Aside

I would blog more, but my mother makes me self-conscious

I was teaching 8th grade the infinitive the other day, and we started off with a dialogue between Yamamoto sensei and myself.

“Hannah sensei, in the future, what do you want TO BE?”

“I want TO BE a travel writer!”

“Oh, really? What is a travel writer?”

“A travel writer is someone who travels all over the world and writes about what they see and do.”

“Why do you want TO BE a travel writer?”

“Because I love TO TRAVEL and I love TO WRITE.”

I’ll leave out the rest of the dialogue, because it covers me wanting to ride a camel, drink champagne and marry Johnny Depp, but it really got me thinking.

Travel writing has always seemed like kind of a fantasy; much like being a fairy princess, meeting Shakespeare and marrying Johnny Depp. However, unlike reality, death and an existing wife, there is nothing actually standing in my way of travel writing.

Seems like the only thing holding me back is me.

Recently, I’ve been so busy practising the travel side of that dream that I haven’t actually sat myself down and forced myself to work on the writing side, which is the bit which takes real discipline. If I were going to be honest I would say that I was being lazy.

I don’t plan my life very far into the future. I always have these grand, vague plans of what life after JET will be like, but I don’t really commit to any of these ideas. 

Hell, I don’t usually know what I’m going to do until I’m actually doing it. I ate half a piece of toast this morning before I decided that was what I was having for breakfast.

Generally, I’m okay with this.

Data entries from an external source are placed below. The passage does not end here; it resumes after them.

(* Let $\rho\in\mathbb R$, let $\kappa_{\mathbf a}:\mathbb H_\rho\times\mathbb H_\rho\to\mathbb C$ be a positive semi-definite Dirichlet series kernel with coefficient matrix $\mathbf a=(a_{m,n})$, let $\mathscr H_{\mathbf a}$ be the associated reproducing kernel Hilbert space, and let $A_{n,\mathbf a}$, $n\ge1$, be the analytic symbols of $\mathbf a$. Then: (i) $\kappa_{\mathbf a}(s,u)=\sum_{n=1}^\infty A_{n,\mathbf a}(s)n^{-\bar u}$ for all $s,u\in\mathbb H_\rho$; (ii) every $f\in\mathscr H_{\mathbf a}$ is a Dirichlet series given by $f(s)=\sum_{n=1}^\infty\langle f,A_{n,\mathbf a}\rangle_{\mathscr H_{\mathbf a}}n^{-s}$, $s\in\mathbb H_\rho$; (iii) $\{A_{n,\mathbf a}\}_{n\ge1}$ is a total subset of $\mathscr H_{\mathbf a}$.
   Context: $\mathbb H_\rho=\{s\in\mathbb C:\Re(s)>\rho\}$. A double Dirichlet series $\sum c_{m,n}m^{-s}n^{-u}$ is regularly convergent at $(s_0,u_0)$ if it converges there and, for all $m,n\ge1$, $\sum_m c_{m,n}m^{-s_0}$ and $\sum_n c_{m,n}n^{-u_0}$ converge. $\kappa_{\mathbf a}(s,u)=\sum_{m,n\ge1}a_{m,n}m^{-s}n^{-\bar u}$ is a Dirichlet series kernel on $\mathbb H_\rho$ if $(s,u)\mapsto\kappa_{\mathbf a}(s,\bar u)$ is regularly convergent on $\mathbb H_\rho\times\mathbb H_\rho$. Positive semi-definite means every finite matrix $(\kappa_{\mathbf a}(s_i,s_j))$ is positive semi-definite. $\mathscr H_{\mathbf a}$ is the Hilbert space of functions on $\mathbb H_\rho$ with $\kappa_{\mathbf a}(\cdot,t)\in\mathscr H_{\mathbf a}$ and $\langle f,\kappa_{\mathbf a}(\cdot,t)\rangle=f(t)$ for all $t$. Analytic symbols: $A_{n,\mathbf a}(s)=\sum_{m\ge1}a_{m,n}m^{-s}$; these belong to $\mathscr H_{\mathbf a}$. A subset is total if its closed linear span is the whole space. *)

theory Defs
  imports "HOL-Analysis.Analysis"
begin
(* In the process algebra $\mathcal{G}$ described in the context, for all $\mathbb{P}_u,\mathbb{P}_v,\mathbb{P},\mathbb{Q}$ (as defined in the context) and all $W\in\mathcal{W}$: (1) $D\simeq D\|G_u\mathbb{P}_u\simeq D\|G_v'\mathbb{P}_v\mathbb{P}_u\simeq D\|Z\mathbb{P}_v\mathbb{P}_u\simeq D\|\mathbb{P}_v\mathbb{P}_u\simeq D\|W\mathbb{P}_v\mathbb{P}_u$; (2) $C\simeq C\|G\mathbb{P}\simeq C\|\mathbb{P}\simeq C\|W\mathbb{P}\simeq C\|G_v\mathbb{P}_v$; (3) $C'\simeq C'\|G'\mathbb{Q}\simeq C'\|G_v\mathbb{Q}\simeq C'\|Z\mathbb{Q}\simeq C'\|\mathbb{Q}$.
   Context: Process algebras: a triple $(\mathcal{C},\mathcal{A},\Delta)$ of finitely many constants, actions (including silent $\tau$) and rules $X\stackrel{\ell}{\longrightarrow}P$. Processes: $P::=\epsilon\mid X\mid PP'\mid P\|P'$, sequential composition associative, parallel composition associative and commutative, $\epsilon$ a unit for both. Semantics: rules of $\Delta$; if $P\stackrel{\ell}{\longrightarrow}P'$ then $PQ\stackrel{\ell}{\longrightarrow}P'Q$, $P\|Q\stackrel{\ell}{\longrightarrow}P'\|Q$, $Q\|P\stackrel{\ell}{\longrightarrow}Q\|P'$. $\Longrightarrow$ is the reflexive transitive closure of $\stackrel{\tau}{\longrightarrow}$. Branching bisimilarity $\simeq$ is the largest relation $\mathcal{B}$ such that whenever $P\mathcal{B}Q$ and $P\stackrel{\ell}{\longrightarrow}P'$, either $Q\Longrightarrow Q''\stackrel{\ell}{\longrightarrow}Q'$ with $P\mathcal{B}Q''$ and $P'\mathcal{B}Q'$, or $\ell=\tau$ and $P'\mathcal{B}Q$; and symmetrically. The algebra $\mathcal{G}$: fix a finite alphabet $\Sigma$ with $|\Sigma|\ge2$ and a Post Correspondence instance $\mathrm{INST}=\{(u_1,v_1),\dots,(u_n,v_n)\}$ with $u_k,v_k\in\Sigma^{+}$; let $\mathcal{N}=\{1,\dots,n\}$. Actions: $\{\lambda_U,\lambda_V,\lambda_D,\lambda_I,\lambda_S,\lambda_Z\}\cup\mathcal{N}\cup\Sigma\cup\{\tau\}$. Constants: $X,Y,Z,I,S,C,C',D,G,G',G_u,G_v,G_v'$, $U_k,V_k$ ($k\in\mathcal{N}$), and $W(\omega,k),W(\omega,0)$ for $k\in\mathcal{N}$ and $\omega$ a (possibly empty) suffix of $u_k$ or of $v_k$; $\mathcal{W}$ is the set of these $W$-constants. Rules (with $k$ ranging over $\mathcal{N}$, $a$ over $\Sigma$, $W$ over $\mathcal{W}$): $X\stackrel{\lambda_U}{\longrightarrow}D\|G_v$, $X\stackrel{\tau}{\longrightarrow}D$, $Y\stackrel{\tau}{\longrightarrow}D$, $D\stackrel{\tau}{\longrightarrow}D\|G_u$, $D\stackrel{\lambda_D}{\longrightarrow}C$; $G_u\stackrel{\tau}{\longrightarrow}G_uU_k$, $G_u\stackrel{\lambda_U}{\longrightarrow}G_vU_k$, $G_u\stackrel{\tau}{\longrightarrow}G_v'$, $G_v'\stackrel{\tau}{\longrightarrow}G_v'V_k$, $G_v'\stackrel{\tau}{\longrightarrow}Z$; $G_v\stackrel{\tau}{\longrightarrow}G_vV_k$, $G_v\stackrel{\tau}{\longrightarrow}\epsilon$, $G_v\stackrel{\lambda_V}{\longrightarrow}Z$, $Z\stackrel{\tau}{\longrightarrow}\epsilon$, $Z\stackrel{\lambda_Z}{\longrightarrow}\epsilon$; $C\stackrel{\lambda_I}{\longrightarrow}I$, $C\stackrel{\lambda_S}{\longrightarrow}S$, $C\stackrel{\tau}{\longrightarrow}C\|G$, $C\stackrel{\tau}{\longrightarrow}C\|G_v$; $G\stackrel{\tau}{\longrightarrow}GU_k$, $G\stackrel{\tau}{\longrightarrow}GV_k$, $G\stackrel{\tau}{\longrightarrow}\epsilon$; $I\stackrel{\lambda_I}{\longrightarrow}C'$, $I\stackrel{k}{\longrightarrow}I$, $S\stackrel{\lambda_S}{\longrightarrow}C'$, $S\stackrel{a}{\longrightarrow}S$, $C'\stackrel{\tau}{\longrightarrow}C'\|G'$, $C'\stackrel{\tau}{\longrightarrow}\epsilon$; $G'\stackrel{\tau}{\longrightarrow}G'U_k$, $G'\stackrel{\tau}{\longrightarrow}G'V_k$, $G'\stackrel{\tau}{\longrightarrow}G'W$, $G'\stackrel{\tau}{\longrightarrow}G_v$, $G'\stackrel{\tau}{\longrightarrow}Z$; $U_k\stackrel{\tau}{\longrightarrow}W(u_k,k)$, $V_k\stackrel{\tau}{\longrightarrow}W(v_k,k)$; $W(a\omega,k)\stackrel{a}{\longrightarrow}W(\omega,k)$, $W(a\omega,0)\stackrel{a}{\longrightarrow}W(\omega,0)$, $W(\omega,k)\stackrel{k}{\longrightarrow}W(\omega,0)$, $W(a\omega,k)\stackrel{\tau}{\longrightarrow}W(\omega,k)$, $W(a\omega,0)\stackrel{\tau}{\longrightarrow}W(\omega,0)$, $W(\omega,k)\stackrel{\tau}{\longrightarrow}W(\omega,0)$, $W(\epsilon,0)\stackrel{\tau}{\longrightarrow}\epsilon$. Notation: $\mathbb{P}_u$ (resp. $\mathbb{P}_v$) denotes a sequential composition (possibly empty, i.e. $\epsilon$) of constants from $\{U_k:k\in\mathcal{N}\}$ (resp. $\{V_k:k\in\mathcal{N}\}$); $\mathbb{P}$ (resp. $\mathbb{Q}$) denotes a sequential composition (possibly empty) of constants from $\{U_k,V_k:k\in\mathcal{N}\}$ (resp. $\{U_k,V_k:k\in\mathcal{N}\}\cup\mathcal{W}$). *)

theory Defs
  imports Main
begin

I love the way I live my life. I don’t know if travel writing is actually what I want to do and JET has been good enough to give me another few years to avoid commitment, so I don’t necessarily have to plan anything right now (though preempting toast-eating might be a good idea).

But if for no other reason than that I actually do enjoy writing, it’s time to kick myself back into gear and start blogging again.